SiGe heteroepitaxial growth yields pristine host material for quantum dot qubits, but residual interface disorder can lead to qubit-to-qubit variability that might pose an obstacle to reliable SiGe-based quantum computing. By convolving data from scanning tunneling microscopy and high-angle annular dark field scanning transmission electron microscopy, we reconstruct 3D interfacial atomic structure and employ an atomistic multi-valley effective mass theory to quantify qubit spectral variability. The results indicate (1) appreciable valley splitting (VS) variability of ~50% owing to alloy disorder and (2) roughness-induced double-dot detuning bias energy variability of order 1–10 meV depending on well thickness. For measured intermixing, atomic steps have negligible influence on VS, and uncorrelated roughness causes spatially fluctuating energy biases in double-dot detunings potentially incorrectly attributed to charge disorder. Our approach yields atomic structure spanning orders of magnitude larger areas than post-growth microscopy or tomography alone, enabling more holistic predictions of disorder-induced qubit variability.
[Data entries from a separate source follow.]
lemma convective_condition_iff:
  assumes t: "t > 0"
    and diff: "\<forall>\<eta>\<in>{0..lam}. \<phi> differentiable (at \<eta> within {0..lam})"
  shows "k (T 0 t) * Tx T s 0 t = h0 / sqrt t * (T 0 t - Tinf)
     \<longleftrightarrow> dy \<phi> lam 0 + \<beta> * \<phi> 0 * dy \<phi> lam 0 - 2 * Biot h0 k0 \<rho> c * \<phi> 0 = 0"
proof -
  obtain D where D: "Tf - Tinf = D" "D > 0"
    using Tinf_less_Tf by simp
  have W: "W t = 2 * sqrt (alpha0 k0 \<rho> c) * sqrt t"
    by (simp add: W_def real_sqrt_mult)
  have Tx0: "Tx T s 0 t = D / W t * dy \<phi> lam 0"
    using Tx_eq[OF t] diff lam_pos D W_pos[OF t] by (simp add: s_eq)
  have T0: "T 0 t - Tinf = D * \<phi> 0"
    using D by (simp add: T_eq)
  have lhs: "k0 * (1 + \<beta> * \<phi> 0) * (D / W t * dy \<phi> lam 0) = D * (k0 * (1 + \<beta> * \<phi> 0) * dy \<phi> lam 0) / W t"
    and rhs: "h0 / sqrt t * (D * \<phi> 0) = D * (2 * h0 * sqrt (alpha0 k0 \<rho> c) * \<phi> 0) / W t"
    using t alpha0_pos by (simp_all add: W field_simps)
  then have "k0 * (1 + \<beta> * \<phi> 0) * (D / W t * dy \<phi> lam 0) = h0 / sqrt t * (D * \<phi> 0)
      \<longleftrightarrow> D * (k0 * (1 + \<beta> * \<phi> 0) * dy \<phi> lam 0) = D * (2 * h0 * sqrt (alpha0 k0 \<rho> c) * \<phi> 0)"
    unfolding lhs rhs divide_cancel_right using W_pos[OF t] by simp
  also have "\<dots> \<longleftrightarrow> k0 * (1 + \<beta> * \<phi> 0) * dy \<phi> lam 0 = 2 * h0 * sqrt (alpha0 k0 \<rho> c) * \<phi> 0"
    by (rule mult_left_cancel) (use D(2) in simp)
  also have "\<dots> \<longleftrightarrow> dy \<phi> lam 0 + \<beta> * \<phi> 0 * dy \<phi> lam 0 - 2 * Biot h0 k0 \<rho> c * \<phi> 0 = 0"
    using k0_pos by (simp add: Biot_def field_simps)
  finally show ?thesis
    unfolding k_T_eq Tx0 T0 by simp
qed

lemma stefan_solution_iff:
  "stefan_solution \<rho> c l h0 k Tf Tinf T s
   \<longleftrightarrow> ode_problem \<beta> (2 * Biot h0 k0 \<rho> c) \<phi> lam \<and>
       dy \<phi> lam lam / lam = 2 / ((1 + \<beta>) * Ste_inf c Tf Tinf l)"
proof -
  let ?diff = "\<forall>\<eta>\<in>{0..lam}. \<phi> differentiable (at \<eta> within {0..lam})"
  have s: "s 0 = 0" "\<forall>t>0. s differentiable (at t)"
    using s_has_derivative real_differentiable_def by (auto simp: s_def)
  have diff_iff: "(\<forall>t>0. \<forall>x\<in>{0..s t}. (\<lambda>\<xi>. T \<xi> t) differentiable (at x within {0..s t})) \<longleftrightarrow> ?diff"
    by (intro all_pos_iff_const T_differentiable_iff)
  have boundary_iff: "(\<forall>t>0. T (s t) t = Tf) \<longleftrightarrow> \<phi> lam = 1"
    by (intro all_pos_iff_const free_boundary_temperature_iff)
  show ?thesis
  proof (cases ?diff)
    case True
    have "(\<forall>t>0. \<forall>x\<in>{0<..<s t}. (\<lambda>\<tau>. T x \<tau>) differentiable (at t) \<and>
            ((\<lambda>\<xi>. k (T \<xi> t) * Tx T s \<xi> t) has_real_derivative \<rho> * c * deriv (\<lambda>\<tau>. T x \<tau>) t) (at x))
       \<longleftrightarrow> (\<forall>\<eta>\<in>{0<..<lam}. ((\<lambda>z. (1 + \<beta> * \<phi> z) * dy \<phi> lam z) has_real_derivative
            - 2 * \<eta> * dy \<phi> lam \<eta>) (at \<eta>))"
      by (intro all_pos_iff_const heat_equation_iff True)
    moreover have "(\<forall>t>0. k Tf * Tx T s (s t) t = \<rho> * l * deriv s t)
       \<longleftrightarrow> dy \<phi> lam lam / lam = 2 / ((1 + \<beta>) * Ste_inf c Tf Tinf l)"
      by (intro all_pos_iff_const stefan_condition_iff True)
    moreover have "(\<forall>t>0. k (T 0 t) * Tx T s 0 t = h0 / sqrt t * (T 0 t - Tinf))
       \<longleftrightarrow> dy \<phi> lam 0 + \<beta> * \<phi> 0 * dy \<phi> lam 0 - 2 * Biot h0 k0 \<rho> c * \<phi> 0 = 0"
      by (intro all_pos_iff_const convective_condition_iff True)
    ultimately show ?thesis
      using s diff_iff boundary_iff True unfolding stefan_solution_def ode_problem_def by blast
  next
    case False
    then show ?thesis
      using diff_iff unfolding stefan_solution_def ode_problem_def by blast
  qed
qed

end
lemma very_well_poised_hyp_term_sums:
  fixes v A B :: complex
  assumes "A \<noteq> 0" "B \<noteq> 0" "Re v < 4" "v / 2 \<notin> \<int>\<^sub>\<le>\<^sub>0"
  defines "s3 \<equiv> v / 2 - A - B" and "s4 \<equiv> v / 2 - A + B" and "s5 \<equiv> v / 2 + A + B" and "s6 \<equiv> v / 2 + A - B"
  assumes s: "s3 \<notin> \<int>\<^sub>\<le>\<^sub>0" "s4 \<notin> \<int>\<^sub>\<le>\<^sub>0" "s5 \<notin> \<int>\<^sub>\<le>\<^sub>0" "s6 \<notin> \<int>\<^sub>\<le>\<^sub>0"
  shows "hyp_term [v, 1 + v / 2, s3, s5, s4, s6] [v / 2, 1 + s3, 1 + s5, 1 + s4, 1 + s6] (-1) sums
           (s3 * s5 * s4 * s6 / (4 * v * A * B) * ((Gamma s5 * Gamma s3 - Gamma s6 * Gamma s4) * rGamma v))"
proof -
  have "v \<noteq> 0"
    using assms(4) by auto
  have hyp_term_eq: "hyp_term [v, 1 + v / 2, s3, s5, s4, s6] [v / 2, 1 + s3, 1 + s5, 1 + s4, 1 + s6] (-1) n
      = s3 * s5 * s4 * s6 / (4 * v * A * B) * (((- v) gchoose n) * recip_kernel s5 s3 s6 s4 n)" for n
  proof -
    have "[v / 2, 1 + s3, 1 + s5, 1 + s4, 1 + s6] = v / 2 # map ((+) 1) [s3, s5, s4, s6]"
      by simp
    then have "hyp_term [v, 1 + v / 2, s3, s5, s4, s6] [v / 2, 1 + s3, 1 + s5, 1 + s4, 1 + s6] (-1) n
        = ((- v) gchoose n) * ((v / 2 + of_nat n) / (v / 2) * (\<Prod>s\<leftarrow>[s3, s5, s4, s6]. s / (s + of_nat n)))"
      using hyp_term_very_well_poised[OF assms(4), of "[s3, s5, s4, s6]" n] s by auto
    also have "(v / 2 + of_nat n) / (v / 2) * (\<Prod>s\<leftarrow>[s3, s5, s4, s6]. s / (s + of_nat n))
        = s3 * s5 * s4 * s6 / (4 * v * A * B) * recip_kernel s5 s3 s6 s4 n"
      unfolding recip_kernel_def s3_def s4_def s5_def s6_def
      by (rule very_well_poised_partial_fractions[OF \<open>v \<noteq> 0\<close> assms(1,2)])
        (use s in \<open>simp_all add: add_of_nat_neq_0_if_notin_nonpos_Ints s3_def s4_def s5_def s6_def\<close>)
    finally show ?thesis
      by simp
  qed
  have "s5 + s3 = v" "s6 + s4 = v"
    by (simp_all add: s3_def s4_def s5_def s6_def)
  show ?thesis
    unfolding hyp_term_eq by (rule sums_mult[OF gbinomial_kernel_sums[OF \<open>s5 + s3 = v\<close> \<open>s6 + s4 = v\<close> assms(3) s(3,1,4,2)]])
qed

lemma very_well_poised_constant_eq:
  fixes v a b c G :: complex
  assumes "c \<noteq> 0"
  defines "A \<equiv> a / (2 * c)" and "B \<equiv> b / (2 * c)"
  shows "(v / 2 - A - B) * (v / 2 + A + B) * (v / 2 - A + B) * (v / 2 + A - B) / (4 * v * A * B) * (G * rGamma v)
       = (v * c - a - b) * (v * c + a + b) * (v * c - a + b) * (v * c + a - b) / (16 * v * a * b * c^2 * Gamma v) * G"
proof -
  have a: "a = 2 * c * A" and b: "b = 2 * c * B"
    using assms by (simp_all add: A_def B_def)
  have numerator: "(v * c - a - b) * (v * c + a + b) * (v * c - a + b) * (v * c + a - b)
      = (v / 2 - A - B) * (v / 2 + A + B) * (v / 2 - A + B) * (v / 2 + A - B) * (16 * c^4)"
    unfolding a b by (simp add: field_simps) algebra
  have denominator: "16 * v * a * b * c^2 = 4 * v * A * B * (16 * c^4)"
    unfolding a b by algebra
  have Gamma: "x / (y * Gamma v) * G = x / y * (G * rGamma v)" for x y
    by (simp add: rGamma_inverse_Gamma divide_inverse mult_ac)
  have cancel: "x * (16 * c^4) / (y * (16 * c^4)) = x / y" for x y
    using assms(1) by (intro nonzero_mult_divide_mult_cancel_right) simp
  show ?thesis
    unfolding numerator denominator Gamma cancel ..
qed

theorem mainTheorem1:
  fixes v a b c :: complex
  assumes "a \<noteq> 0" "b \<noteq> 0" "Re v < 4" "Re c > 0"
    and "Re (v * c + a + b) > 0" "Re (v * c + a - b) > 0"
    and "Re (v * c - a + b) > 0" "Re (v * c - a - b) > 0"
    and "v/2 \<notin> \<int>\<^sub>\<le>\<^sub>0"
    and "1 + (v/2 - a/(2*c) - b/(2*c)) \<notin> \<int>\<^sub>\<le>\<^sub>0"
    and "1 + (v/2 - a/(2*c) + b/(2*c)) \<notin> \<int>\<^sub>\<le>\<^sub>0"
    and "1 + (v/2 + a/(2*c) + b/(2*c)) \<notin> \<int>\<^sub>\<le>\<^sub>0"
    and "1 + (v/2 + a/(2*c) - b/(2*c)) \<notin> \<int>\<^sub>\<le>\<^sub>0"
  shows "let s3 = v/2 - a/(2*c) - b/(2*c); s4 = v/2 - a/(2*c) + b/(2*c);
             s5 = v/2 + a/(2*c) + b/(2*c); s6 = v/2 + a/(2*c) - b/(2*c);
             P = (v * c - a - b) * (v * c + a + b) * (v * c - a + b) * (v * c + a - b)
         in summable (hyp_term [v, 1 + v/2, s3, s5, s4, s6] [v/2, 1 + s3, 1 + s5, 1 + s4, 1 + s6] (-1))
            \<and> hypergeom [v, 1 + v/2, s3, s5, s4, s6] [v/2, 1 + s3, 1 + s5, 1 + s4, 1 + s6] (-1)
              = P / (16 * v * a * b * c^2 * Gamma v) * (Gamma s5 * Gamma s3 - Gamma s6 * Gamma s4)"
proof -
  have "c \<noteq> 0"
    using assms(4) by auto
  then have "a / (2 * c) \<noteq> 0" "b / (2 * c) \<noteq> 0"
    and "2 * c * (v/2 - a/(2*c) - b/(2*c)) = v * c - a - b" "2 * c * (v/2 - a/(2*c) + b/(2*c)) = v * c - a + b"
    and "2 * c * (v/2 + a/(2*c) + b/(2*c)) = v * c + a + b" "2 * c * (v/2 + a/(2*c) - b/(2*c)) = v * c + a - b"
    using assms(1,2) by (simp_all add: field_simps)
  then have "v/2 - a/(2*c) - b/(2*c) \<notin> \<int>\<^sub>\<le>\<^sub>0" "v/2 - a/(2*c) + b/(2*c) \<notin> \<int>\<^sub>\<le>\<^sub>0"
    "v/2 + a/(2*c) + b/(2*c) \<notin> \<int>\<^sub>\<le>\<^sub>0" "v/2 + a/(2*c) - b/(2*c) \<notin> \<int>\<^sub>\<le>\<^sub>0"
    using assms(5-8,10-13) notin_nonpos_Ints_if_Re_mult_pos[of "2 * c"] by metis+
  from very_well_poised_hyp_term_sums[OF \<open>a / (2 * c) \<noteq> 0\<close> \<open>b / (2 * c) \<noteq> 0\<close> assms(3,9) this]
  show ?thesis
    unfolding Let_def hypergeom_def very_well_poised_constant_eq[OF \<open>c \<noteq> 0\<close>]
    by (intro conjI sums_summable sums_unique[symmetric])
qed

end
SiGe 异质外延生长为量子点量子位提供了原始的主体材料，但残留的界面无序可能导致量子位到量子位的可变性，这可能会对基于 SiGe 的可靠量子计算构成障碍。通过对来自扫描隧道显微镜和高角度环形暗场扫描透射电子显微镜的数据进行卷积，我们重建了 3D 界面原子结构，并采用原子多谷有效质量理论来量化量子位光谱变异性。结果表明 (1) 由于合金无序，谷分裂 (VS) 变异性约为 50%；(2) 粗糙度引起的双点失谐偏压能量变异性为 1-10 meV 数量级，具体取决于阱厚度。对于测量的混合，原子步骤对 VS 的影响可以忽略不计，并且不相关的粗糙度会导致双点失谐中空间波动的能量偏差，这可能被错误地归因于电荷无序。我们的方法产生的原子结构比单独的后生长显微镜或断层扫描跨越更大的数量级，从而能够更全面地预测无序引起的量子位变异性。